The cells were seeded in glass-bottomed Petri dishes (Thermo Scientific). After the cells were treated, 1 µl Fe2+ indicator storage solution (1 mM, dissolved with DMSO, Maokang Biotechnology) was added to 1 ml cell culture medium (final concentration 1 µM) and incubated for 30 min at 37℃ with 95% air and 5% CO2. After loading, the cells were washed with PBS. Fluorescent images were captured at 40 X total magnification using Olympus IX83 microscope (Olympus, Lake Success, NY).

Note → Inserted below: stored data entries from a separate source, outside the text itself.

(* Let $\{A(t);t\ge0\}$ be a non-homogeneous Poisson process on $[0,\infty)$ with rate function $\lambda$. For each $s\ge0$ let $B_s$ be a nonnegative random variable (law depending on $s$) and $F_s$ a CDF on $[0,\infty)$ with finite mean $\mathcal{E}_s[S_1(s)]$, where $S_1(s)$ has CDF $F_s$. For each integer $m\ge1$ consider the infinite-server queue, starting empty, in which batches arrive at the points of $A$, a batch arriving at time $s$ has size $\lceil mB_s\rceil$, and given its size the customers of that batch bring i.i.d. amounts of work with CDF $F_s$, batches being independent of each other and of $A$; a customer arriving at time $s$ with work $S$ departs at $s+S$. Let $W_m(t)$, $Q_m(t)$, $D_m(t)$ be the workload at time $t$, number of customers present at time $t$, and number of departures in $(0,t]$, and set $\overline{W}_m=W_m/m$, $\overline{Q}_m=Q_m/m$, $\overline{D}_m=D_m/m$. Then for each $t\ge0$ and all $\alpha,\beta,\gamma\ge0$, $$\lim_{m\to\infty}\mathbb{E}\big[e^{-\alpha\overline{W}_m(t)-\beta\overline{Q}_m(t)-\gamma\overline{D}_m(t)}\big]=\exp\Big(-\int_0^t\mathcal{E}_s\Big[1-e^{-B_s\left[\alpha\mathcal{E}_s[S_1(s)]\overline{F}^e_s(t-s)+\beta\overline{F}_s(t-s)+\gamma F_s(t-s)\right]}\Big]\lambda(s)\,ds\Big).$$ In particular, $$\lim_{m\to\infty}\mathbb{E}\big[e^{-\alpha\overline{W}_m(t)}\big]=\exp\Big(-\int_0^t\mathcal{E}_s\Big[1-e^{-B_s\alpha\mathcal{E}_s[S_1(s)]\overline{F}^e_s(t-s)}\Big]\lambda(s)\,ds\Big),$$ so $\overline{W}_m(t)$ converges in distribution to the value at time $t$ of the shot-noise process $\int_0^tB_s\,\mathcal{E}_s[S_1(s)]\overline{F}^e_s(t-s)\,A(ds)$.
   Context: $\mathcal{E}_s$ denotes expectation with respect to the laws of $B_s$ and of the work amounts of a batch arriving at time $s$. $\overline{F}_s=1-F_s$. The workload $W_m(t)$ is the total remaining work $\sum(S-(t-s))^+$ over all customers arrived by time $t$. $\overline{F}^e_s$ is the tail of the stationary excess (equilibrium) distribution of $F_s$: $\overline{F}^e_s(u):=\frac{1}{\mathcal{E}_s[S_1(s)]}\int_u^\infty\overline{F}_s(v)\,dv$, so that $\mathcal{E}_s[S_1(s)]\overline{F}^e_s(u)=\mathcal{E}_s[(S_1(s)-u)^+]$. *)

theory Defs
  imports "HOL-Probability.Probability"
begin

definition cum_rate :: "(real \<Rightarrow> real) \<Rightarrow> real \<Rightarrow> real" where
  "cum_rate lam t = (LINT s:{0..t}|lborel. lam s)"

text \<open>Number of points of the non-homogeneous Poisson process A in [0,t]:
  Poisson with mean cum_rate lam t (the degenerate Poisson(0) law is the point mass at 0).\<close>
definition num_arrivals :: "(real \<Rightarrow> real) \<Rightarrow> real \<Rightarrow> nat pmf" where
  "num_arrivals lam t =
     (if cum_rate lam t = 0 then return_pmf 0 else poisson_pmf (cum_rate lam t))"

text \<open>Law of a single arrival epoch of A in [0,t] (density lam/cum_rate on [0,t]);
  the value for cum_rate = 0 is irrelevant since then there are a.s. no arrivals.\<close>
definition arrival_time_dist :: "(real \<Rightarrow> real) \<Rightarrow> real \<Rightarrow> real measure" where
  "arrival_time_dist lam t =
     (if cum_rate lam t = 0 then return borel 0
      else density lborel (\<lambda>s. ennreal (indicator {0..t} s * lam s / cum_rate lam t)))"

text \<open>Mark of a batch: (arrival epoch s, value b of B_s, i.i.d. work amounts S_1,S_2,... with law F_s).
  Only the first nat(ceiling(m b)) work amounts belong to the batch.\<close>
definition mark_space :: "(real \<times> real \<times> (nat \<Rightarrow> real)) measure" where
  "mark_space = borel \<Otimes>\<^sub>M (borel \<Otimes>\<^sub>M PiM UNIV (\<lambda>_::nat. borel))"

definition mark_dist ::
  "(real \<Rightarrow> real) \<Rightarrow> (real \<Rightarrow> real measure) \<Rightarrow> (real \<Rightarrow> real measure) \<Rightarrow> real
   \<Rightarrow> (real \<times> real \<times> (nat \<Rightarrow> real)) measure" where
  "mark_dist lam B Sd t =
     arrival_time_dist lam t \<bind> (\<lambda>s. B s \<bind>
       (\<lambda>b. distr (PiM UNIV (\<lambda>_::nat. Sd s)) mark_space (\<lambda>S. (s, b, S))))"

text \<open>Sample space of the system up to time t: number N of batches arrived in [0,t] and
  an i.i.d. sequence of marks, independent of N (the first N of them are the batches).\<close>
definition queue_sample ::
  "(real \<Rightarrow> real) \<Rightarrow> (real \<Rightarrow> real measure) \<Rightarrow> (real \<Rightarrow> real measure) \<Rightarrow> real
   \<Rightarrow> (nat \<times> (nat \<Rightarrow> real \<times> real \<times> (nat \<Rightarrow> real))) measure" where
  "queue_sample lam B Sd t =
     measure_pmf (num_arrivals lam t) \<Otimes>\<^sub>M PiM UNIV (\<lambda>_::nat. mark_dist lam B Sd t)"

definition batch_size :: "nat \<Rightarrow> real \<Rightarrow> nat" where
  "batch_size m b = nat \<lceil>real m * b\<rceil>"

definition workload :: "nat \<Rightarrow> real \<Rightarrow> nat \<times> (nat \<Rightarrow> real \<times> real \<times> (nat \<Rightarrow> real)) \<Rightarrow> real" where
  "workload m t \<omega> = (\<Sum>i<fst \<omega>. (case snd \<omega> i of (s, b, S) \<Rightarrow>
      \<Sum>j<batch_size m b. max 0 (S j - (t - s))))"

definition num_present :: "nat \<Rightarrow> real \<Rightarrow> nat \<times> (nat \<Rightarrow> real \<times> real \<times> (nat \<Rightarrow> real)) \<Rightarrow> real" where
  "num_present m t \<omega> = (\<Sum>i<fst \<omega>. (case snd \<omega> i of (s, b, S) \<Rightarrow>
      real (card {j. j < batch_size m b \<and> t < s + S j})))"

definition num_departed :: "nat \<Rightarrow> real \<Rightarrow> nat \<times> (nat \<Rightarrow> real \<times> real \<times> (nat \<Rightarrow> real)) \<Rightarrow> real" where
  "num_departed m t \<omega> = (\<Sum>i<fst \<omega>. (case snd \<omega> i of (s, b, S) \<Rightarrow>
      real (card {j. j < batch_size m b \<and> 0 < s + S j \<and> s + S j \<le> t})))"

definition mean_work :: "(real \<Rightarrow> real measure) \<Rightarrow> real \<Rightarrow> real" where
  "mean_work Sd s = (\<integral>x. x \<partial>Sd s)"

definition Fbar :: "(real \<Rightarrow> real measure) \<Rightarrow> real \<Rightarrow> real \<Rightarrow> real" where
  "Fbar Sd s u = 1 - cdf (Sd s) u"

definition Fbar_e :: "(real \<Rightarrow> real measure) \<Rightarrow> real \<Rightarrow> real \<Rightarrow> real" where
  "Fbar_e Sd s u = (1 / mean_work Sd s) * (LINT v:{u..}|lborel. Fbar Sd s v)"

text \<open>Law of the shot-noise value int_0^t B_s E_s[S_1(s)] Fbar^e_s(t-s) A(ds), built from the
  same Poisson construction of A on [0,t] with independent marks B_s.\<close>
definition shot_noise ::
  "(real \<Rightarrow> real) \<Rightarrow> (real \<Rightarrow> real measure) \<Rightarrow> (real \<Rightarrow> real measure) \<Rightarrow> real \<Rightarrow> real measure" where
  "shot_noise lam B Sd t = distr (queue_sample lam B Sd t) borel
     (\<lambda>\<omega>. \<Sum>i<fst \<omega>. (case snd \<omega> i of (s, b, S) \<Rightarrow>
        b * mean_work Sd s * Fbar_e Sd s (t - s)))"

end

theory Submission
  imports Defs
begin

text \<open>Conditionally on their number, the batches arriving in \<open>[0, t]\<close> carry i.i.d. marks
  \<open>(s, b, S)\<close>, so the expectation of a product of batch factors is the probability generating
  functional \<open>exp (\<integral>\<^sub>0\<^sup>t \<lambda>(s) (E g(s, \<cdot>) - 1) ds)\<close> of a marked Poisson process.
  The Laplace transform of \<open>(\<alpha> W + \<beta> Q + \<gamma> D) / m\<close> and the characteristic function of
  \<open>W / m\<close> are of this form: a batch contributes the factor \<open>exp (z / m \<cdot> \<Sum>\<^sub>j f(s, S\<^sub>j))\<close>, the
  sum running over its \<open>\<lceil>m b\<rceil>\<close> customers, for a per-customer functional \<open>f \<ge> 0\<close> and
  \<open>Re z \<le> 0\<close>. Given \<open>b\<close>, its expectation is
  \<open>\<phi>\<^sub>m(s)\<^bsup>\<lceil>m b\<rceil>\<^esup>\<close> with \<open>\<phi>\<^sub>m(s) = E exp (z f(s, S) / m)\<close>; since \<open>m (\<phi>\<^sub>m(s) - 1) \<rightarrow> z E f(s, S)\<close>,
  this power tends to \<open>exp (b z E f(s, S))\<close>, and dominated convergence (twice) gives the limit.
  The expectations \<open>E f(s, S)\<close> are computed with \<open>E (S - u)\<^sup>+ = \<integral>\<^sub>u\<^sup>\<infinity> (1 - F)\<close>. For \<open>z\<close>
  imaginary the limit is the characteristic function of the shot-noise variable, and Levy's
  continuity theorem yields weak convergence.\<close>

section \<open>Powers of integrals close to one\<close>

lemma norm_exp_minus_one_le:
  fixes w :: complex
  assumes "Re w \<le> 0"
  shows "cmod (exp w - 1) \<le> cmod w"
proof -
  have "cmod (exp w - exp 0) \<le> 1 * cmod (w - 0)"
  proof (rule field_differentiable_bound[OF convex_halfspace_Re_le[of 0]])
    show "(exp has_field_derivative exp z) (at z within {z. Re z \<le> 0})" for z
      by (rule DERIV_subset[OF DERIV_exp]) simp
  qed (use assms in auto)
  then show ?thesis by simp
qed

Immunofluorescence staining

The cells, cultured on glass slides, were fixed with 4% paraformaldehyde for 15 min after the treatments. Then, the glass slides with the cells were incubated with immunostaining blocking solution for 1 h at room temperature to prevent nonspecific antibody binding. Then, the cells in the glass slides were incubated with anti-Nrf-2 antibody (1:100) at 4℃ overnight. After washing with PBS 3 times (5 min each time), the cells in the glass slides were incubated with the secondary antibody, Cy3-labeled goat anti-rabbit IgG (1:200), at 37℃ for 30 min. After washing with PBS 3 times (5 min each time), the sections were stained with DAPI before being imaged under a confocal microscope.

Statistical analysis

All data are represented as mean ± SD. The distribution of the experimental data was determined by Kolmogorov-Smirnov test. Data with non-normal distribution were analyzed by Kruskal-Wallis test. For the data with normal distribution and homogeneity of variance, one-way analysis of variance (ANOVA) was used to analyze the differences among multiple groups, and least significant difference (LSD) was used for two-group comparison. The Tamhane test was performed when assumptions of homogeneity of variance were questionable. SPSS 26 (IBM Corporation, Armonk, NY) was used for the statistical analyses. For survival analysis, the Log-rank (Mantel-Cox) test was used to determine the significance of differences in cumulative survival. GraphPad prism 8.0.2 software was used for the statistical analysis. A value of P < 0.05 was considered significant.